ところで、外から摂取したビフィズス菌や乳酸菌はやがて体外に排出されますが、生きたまま腸に届くと、3~7日は乳酸や酢酸をせっせと生み出してくれるとされています。
また乳酸菌は、腸管の免疫システムに存在する樹状細胞のTLRと呼ばれるセンサーを働かせることで、免疫活性を促すため、免疫力を高めるのにも役立つとされています。
このTLRと呼ばれるセンサーはアレルギーの発症原因にも関わってくるため、乳酸菌の摂取は花粉症やアトピー性皮膚炎など、アレルギー症状の改善にも効果的なのです。
そのほか、ヒトにとっての有用菌を腸内に送り込むプロバイオティクスの効果は、抗生物質を使用することによって腸内細菌叢(腸内フローラ)のバランスが乱れた際、病後の回復を早めたり、下痢や感染症を予防したりすることが期待されています。

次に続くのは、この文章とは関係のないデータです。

fun walk :: "(nat \<Rightarrow> bool list) \<Rightarrow> nat \<Rightarrow> bool list" where
  "walk \<omega> 0 = \<omega> 0"
| "walk \<omega> (Suc t) = bxor (walk \<omega> t) (\<omega> (Suc t))"

definition hit_time :: "nat \<Rightarrow> (nat \<Rightarrow> bool list) \<Rightarrow> ennreal" where
  "hit_time l \<omega> = (if \<exists>t. walk \<omega> t = replicate l True
      then of_nat (LEAST t. walk \<omega> t = replicate l True) else \<infinity>)"

end

theory Submission
  imports Defs
begin

text \<open>
  Put \<open>L = 1 - 2p\<close>. The \<open>n\<close>-step transition probabilities of the walk factor over the
  bits: a bit has been flipped an odd number of times with probability \<open>(1 - L^n)/2\<close>.
  The uniform distribution is stationary, so \<open>P(X t = 1) = 2^-l\<close>, and splitting this event
  at the hitting time \<open>T = s \<le> t\<close> yields the renewal equation
  \<open>(\<Sum>s\<le>t. P(T = s) * (1 + L^(t-s))^l) = 1\<close>.
  By the binomial theorem \<open>(1 + L^m)^l = 1 + c m\<close> with \<open>c m = (\<Sum>j=1..l. C(l,j) * L^(j*m))\<close>,
  so \<open>P(T > t)\<close> is the convolution of \<open>P(T = \<cdot>)\<close> with \<open>c\<close>. The partial sums of \<open>c\<close> converge
  to \<open>\<Sum>j=1..l. C(l,j) / (1 - L^j)\<close>, hence \<open>(\<Sum>t. P(T > t))\<close> equals \<open>P(T < \<infinity>)\<close> times this
  constant; in particular \<open>P(T > t) \<rightarrow> 0\<close>, so \<open>P(T < \<infinity>) = 1\<close> and \<open>E T = (\<Sum>t. P(T > t))\<close>
  is the claimed sum.
\<close>

section \<open>Bit strings and the step law\<close>

lemma finite_bitstrings: "finite (bitstrings l)"
  using finite_lists_length_eq[of "UNIV :: bool set" l] by (simp add: bitstrings_def)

プロバイオティクスはその核心において、免疫系の働きを健全なほうに向かわせる何らかの効果を有しているに違いない。二十一世紀の根底に横たわるものを思い出してほしい。私たちの体を苦しめているのは炎症だ。プロバイオティクスに真の価値があるとすれば、それは炎症を鎮めることだろう。
(アランナ・コリン『あなたの体は9割が細菌』 矢野真千子 訳 p270)
この「プロバイオティクス」を利用することによる腸内フローラの改善は、乳酸菌が含まれたヨーグルトやチーズ、納豆や漬け物といった日本伝統の発酵食品などを日頃から食生活に採り入れることで実践することが可能です。
その際、植物性の乳酸菌などが生きたまま腸に届いて働くことが望ましいですが、胃酸によって死菌となった乳酸菌も腸内の善玉菌のエサになるため、菌が生きているか死んでいるかに強くこだわる必要はないともいわれています。
むしろ、ひとつの乳酸菌にこだわらず、様々な種類の乳酸菌を試してみることのほうが大切です。なぜなら腸内細菌の構成は成人になるとほとんど決まってしまっており、新しい菌が定着するのはなかなか難しいため、どの菌が自分の腸内に生息しているか、また、どの菌が新たに定着するかは分からないからです。
それに加え、乳酸菌は「数」に気をつけて、出来るだけ多く摂った方が良いと言われています。
近年、ヨーグルトや乳酸菌飲料だけではなく、1億個以上の乳酸菌が含まれたサプリメントや乳酸菌生成エキスが多く販売されるようになってきていますので、プロバイオティクスに関しては、そのようなサプリメントを利用してみるのも一つの手段だと考えられます。